Vermischtes

Restaurantführer Altmeister und junge Aufsteiger mit Sternen des Guide Michelin ausgezeichnet

Die Spitzenköche der Region

Archivartikel

Mannheim/Potsdam.Die Feinschmecker in der Region können sich wieder freuen: Seit gestern Abend sind die besten Restaurants der Region und Deutschlands gekürt - der Guide Michelin hat seine Sterne für das Jahr 2018 vergeben. "Die dynamische Entwicklung zeigt, dass sich Deutschland als Ziel ersten Ranges für Feinschmecker etabliert hat", erklärt der Internationale Direktor des Guide Michelin, Michael Ellis am Abend in Potsdam. "Neben den arrivierten Altmeistern sorgt eine hoch motivierte Generation junger, topausgebildeter und innovativer Köche dafür, dass die deutsche Spitzengastronomie heute unbestritten zu den besten der Welt zählt", so Ellis weiter.

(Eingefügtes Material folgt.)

lemma prob_cell_freq_deviation_tendsto_0:
  assumes "\<delta> > 0"
  shows "(\<lambda>n. measure_pmf.prob (Pi_pmf {..<n} dflt (\<lambda>_. P))
           {S. \<delta> \<le> \<bar>real (cell_count n S z) / n - pmf P z\<bar>}) \<longlonglongrightarrow> 0"
proof (rule Lim_null_comparison)
  show "(\<lambda>n. 2 * exp (- 2 * real n * \<delta>\<^sup>2)) \<longlonglongrightarrow> 0"
    using assms by real_asymp
  show "\<forall>\<^sub>F n in sequentially. norm (measure_pmf.prob (Pi_pmf {..<n} dflt (\<lambda>_. P))
           {S. \<delta> \<le> \<bar>real (cell_count n S z) / n - pmf P z\<bar>}) \<le> 2 * exp (- 2 * real n * \<delta>\<^sup>2)"
    using eventually_gt_at_top[of 0]
    by eventually_elim (use prob_cell_freq_deviation_le[OF _ less_imp_le[OF assms]] in auto)
qed

lemma measure_pmf_prob_le_sum_if_cover:
  assumes "finite Z" "A \<inter> set_pmf M \<subseteq> (\<Union>z\<in>Z. B z)"
  shows "measure_pmf.prob M A \<le> (\<Sum>z\<in>Z. measure_pmf.prob M (B z))"
proof -
  have "measure_pmf.prob M A = measure_pmf.prob M (A \<inter> set_pmf M)"
    by (simp add: measure_Int_set_pmf)
  also have "\<dots> \<le> measure_pmf.prob M (\<Union>z\<in>Z. B z)"
    using assms(2) by (rule measure_pmf.finite_measure_mono) simp
  also have "\<dots> \<le> (\<Sum>z\<in>Z. measure_pmf.prob M (B z))"
    using assms(1) by (rule measure_pmf.finite_measure_subadditive_finite) simp
  finally show ?thesis .
qed

definition cell_well_sampled :: "nat \<Rightarrow> real \<Rightarrow> 'a pmf \<Rightarrow> nat \<Rightarrow> (nat \<Rightarrow> 'a) \<Rightarrow> 'a \<Rightarrow> bool" where
  "cell_well_sampled \<tau> \<eta> P n S z \<longleftrightarrow>
     \<tau> < cell_count n S z \<and> \<bar>ln (real (cell_count n S z) / n / pmf P z)\<bar> \<le> \<eta>"

lemma prob_cell_not_well_sampled_tendsto_0:
  assumes p: "pmf P z > 0" and \<eta>: "\<eta> > 0"
  shows "(\<lambda>n. measure_pmf.prob (Pi_pmf {..<n} dflt (\<lambda>_. P))
           {S. \<not> cell_well_sampled \<tau> \<eta> P n S z}) \<longlonglongrightarrow> 0"
proof (rule Lim_null_comparison)
  define \<delta> where "\<delta> = pmf P z * (1 - exp (-\<eta>))"
  have "\<delta> > 0"
    unfolding \<delta>_def using p \<eta> by simp
  then show "(\<lambda>n. measure_pmf.prob (Pi_pmf {..<n} dflt (\<lambda>_. P))
      {S. \<delta> \<le> \<bar>real (cell_count n S z) / n - pmf P z\<bar>}) \<longlonglongrightarrow> 0"
    by (rule prob_cell_freq_deviation_tendsto_0)
  have "\<forall>\<^sub>F n in sequentially. real \<tau> < real n * (pmf P z * exp (-\<eta>))"
    using p by real_asymp
  then show "\<forall>\<^sub>F n in sequentially.
      norm (measure_pmf.prob (Pi_pmf {..<n} dflt (\<lambda>_. P)) {S. \<not> cell_well_sampled \<tau> \<eta> P n S z})
      \<le> measure_pmf.prob (Pi_pmf {..<n} dflt (\<lambda>_. P))
           {S. \<delta> \<le> \<bar>real (cell_count n S z) / n - pmf P z\<bar>}"
  proof eventually_elim
    case (elim n)
    have "{S. \<not> cell_well_sampled \<tau> \<eta> P n S z}
        \<subseteq> {S. \<delta> \<le> \<bar>real (cell_count n S z) / n - pmf P z\<bar>}"
    proof (rule subsetI, rule ccontr)
      fix S
      assume "S \<notin> {S. \<delta> \<le> \<bar>real (cell_count n S z) / n - pmf P z\<bar>}"
      then have close: "\<bar>real (cell_count n S z) / n - pmf P z\<bar> < pmf P z * (1 - exp (-\<eta>))"
        unfolding \<delta>_def by simp
      note freq = abs_ln_divide_le_if_close[OF p close]
      have "n > 0"
        using freq(1) mult_pos_pos[OF p exp_gt_zero[of "-\<eta>"]] by (cases n) auto
      with freq(1) elim have "\<tau> < cell_count n S z"
        by (simp add: field_simps)
      moreover assume "S \<in> {S. \<not> cell_well_sampled \<tau> \<eta> P n S z}"
      ultimately show False
        using freq(2) unfolding cell_well_sampled_def by simp
    qed
    then show ?case
      by (simp add: measure_pmf.finite_measure_mono)
  qed
qed

section \<open>The greedy procedure when every partition is feasible\<close>

lemma greedy_steps_partition:
  assumes "(greedy_step \<tau> Ak d n S)\<^sup>*\<^sup>* (singletons d) q"
  shows "(\<forall>t\<in>q. t \<noteq> {} \<and> t \<subseteq> {..<d}) \<and> \<Union>q = {..<d}"
  using assms
proof (induction rule: rtranclp_induct)
  case base
  then show ?case by (auto simp: singletons_def)
next
  case (step q q')
  then obtain t1 t2 where "q' = insert (t1 \<union> t2) (q - {t1, t2})" "t1 \<in> q" "t2 \<in> q"
    unfolding greedy_step_def merges_def by blast
  with step.IH show ?case by blast
qed

lemma greedy_output_all_feasible:
  assumes all_feasible: "\<And>q'. \<forall>t\<in>q'. t \<subseteq> {..<d} \<Longrightarrow> feasible \<tau> Ak n S q'"
    and "greedy_output \<tau> Ak d n S q"
  shows "q = (if d = 0 then {} else {{..<d}})"
proof -
  have "feasible \<tau> Ak n S (singletons d)"
    by (rule all_feasible) (auto simp: singletons_def)
  with assms(2) have steps: "(greedy_step \<tau> Ak d n S)\<^sup>*\<^sup>* (singletons d) q"
    and final: "\<not> (\<exists>q'\<in>merges q. feasible \<tau> Ak n S q')"
    unfolding greedy_output_def by auto
  note partition = greedy_steps_partition[OF steps]
  have single: "t1 = t2" if "t1 \<in> q" "t2 \<in> q" for t1 t2
  proof (rule ccontr)
    assume "t1 \<noteq> t2"
    then have "insert (t1 \<union> t2) (q - {t1, t2}) \<in> merges q"
      using that unfolding merges_def by blast
    moreover have "feasible \<tau> Ak n S (insert (t1 \<union> t2) (q - {t1, t2}))"
      by (rule all_feasible) (use partition that in blast)
    ultimately show False using final by blast
  qed
  show ?thesis
  proof (cases "d = 0")
    case False
    then obtain t where "t \<in> q" using partition by auto
    with single have "q = {t}" by blast
    with partition False show ?thesis by auto
  qed (use partition in auto)
qed

lemma feasible_if_cell_counts_exceed:
  fixes S :: "('v, 'y) sample"
  assumes nonempty: "\<forall>k<d. Ak k \<noteq> {}"
    and counts: "\<forall>z\<in>PiE {..<d} Ak \<times> UNIV. \<tau> < cell_count n S z"
    and blocks: "\<forall>t\<in>q. t \<subseteq> {..<d}"
  shows "feasible \<tau> Ak n S q"
  unfolding feasible_def
proof (intro ballI allI)
  fix t a_t y
  assume t: "t \<in> q" and a_t: "a_t \<in> PiE t Ak"
  define a where "a k = (if k \<in> t then a_t k else if k < d then (SOME v. v \<in> Ak k) else undefined)" for k
  have "a \<in> PiE {..<d} Ak"
    using a_t blocks t nonempty unfolding a_def by (auto simp: PiE_def Pi_def extensional_def some_in_eq)
  then have "\<tau> < cell_count n S (a, y)"
    using counts by simp
  also have "\<dots> \<le> cnt_ay n S t a_t y"
  proof -
    have "restrict a t = a_t"
      using a_t unfolding a_def by (auto simp: PiE_def extensional_def)
    then show ?thesis
      unfolding cell_count_def cnt_ay_def by (intro card_mono) auto
  qed
  finally show "\<tau> < cnt_ay n S t a_t y" .
qed

section \<open>The estimator on a well-sampled sample\<close>

lemma cnt_ay_full_block:
  assumes "\<forall>i<n. fst (S i) \<in> PiE {..<d} Ak" "a \<in> PiE {..<d} Ak"
  shows "cnt_ay n S {..<d} a y = cell_count n S (a, y)"
  unfolding cnt_ay_def cell_count_def
  by (rule arg_cong[where f = card]) (use assms in \<open>auto simp: prod_eq_iff\<close>)

lemma cnt_a_full_block:
  fixes S :: "('v, 'y::finite) sample"
  assumes "\<forall>i<n. fst (S i) \<in> PiE {..<d} Ak"
  shows "cnt_a n S {..<d} a = (\<Sum>y\<in>UNIV. cell_count n S (a, y))"
proof -
  have "{i. i < n \<and> restrict (fst (S i)) {..<d} = a} = (\<Union>y. {i. i < n \<and> S i = (a, y)})"
    using assms by (auto simp: prod_eq_iff)
  moreover have "card (\<Union>y. {i. i < n \<and> S i = (a, y)}) = (\<Sum>y\<in>UNIV. card {i. i < n \<and> S i = (a, y)})"
    by (rule card_UN_disjoint) auto
  ultimately show ?thesis
    unfolding cnt_a_def cell_count_def by simp
qed

lemma u_ind_full_block:
  fixes S :: "('v, 'y::finite) sample"
  assumes "\<forall>i<n. fst (S i) \<in> PiE {..<d} Ak" "finite (PiE {..<d} Ak)" "PiE {..<d} Ak \<noteq> {}"
  shows "u_ind Ak n S {{..<d}} = max_log_ratio (cond_weight (\<lambda>z. real (cell_count n S z))) (PiE {..<d} Ak)"
proof -
  have "phat_cond n S {..<d} y a = cond_weight (\<lambda>z. real (cell_count n S z)) y a"
    if "a \<in> PiE {..<d} Ak" for a y
    using that assms(1)
    by (simp add: phat_cond_def cond_weight_def cnt_ay_full_block cnt_a_full_block)
  then show ?thesis
    unfolding u_ind_def max_log_ratio_nested[OF assms(2,3)]
    by (auto intro!: arg_cong[where f = Max] image_cong)
qed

Das trifft auch auf die Köche aus der Region zu. Neben den Mannheimern Tristan Brandt - Küchenchef Dominik Markowitz leitet das "Le Corange" -, dem Routinier Norbert Dobler ("Dobler's") und Gregor Ruppenthal ("Marly") überzeugte der ehemalige Amador-Mitarbeiter Dennis Maier die Tester des Restaurantführers. Mit einem außergewöhnlichen Restaurantkonzept präsentiert Maier seine ganz persönliche Vision urbaner "Bistronomy" im "Emma Wolf since 1920".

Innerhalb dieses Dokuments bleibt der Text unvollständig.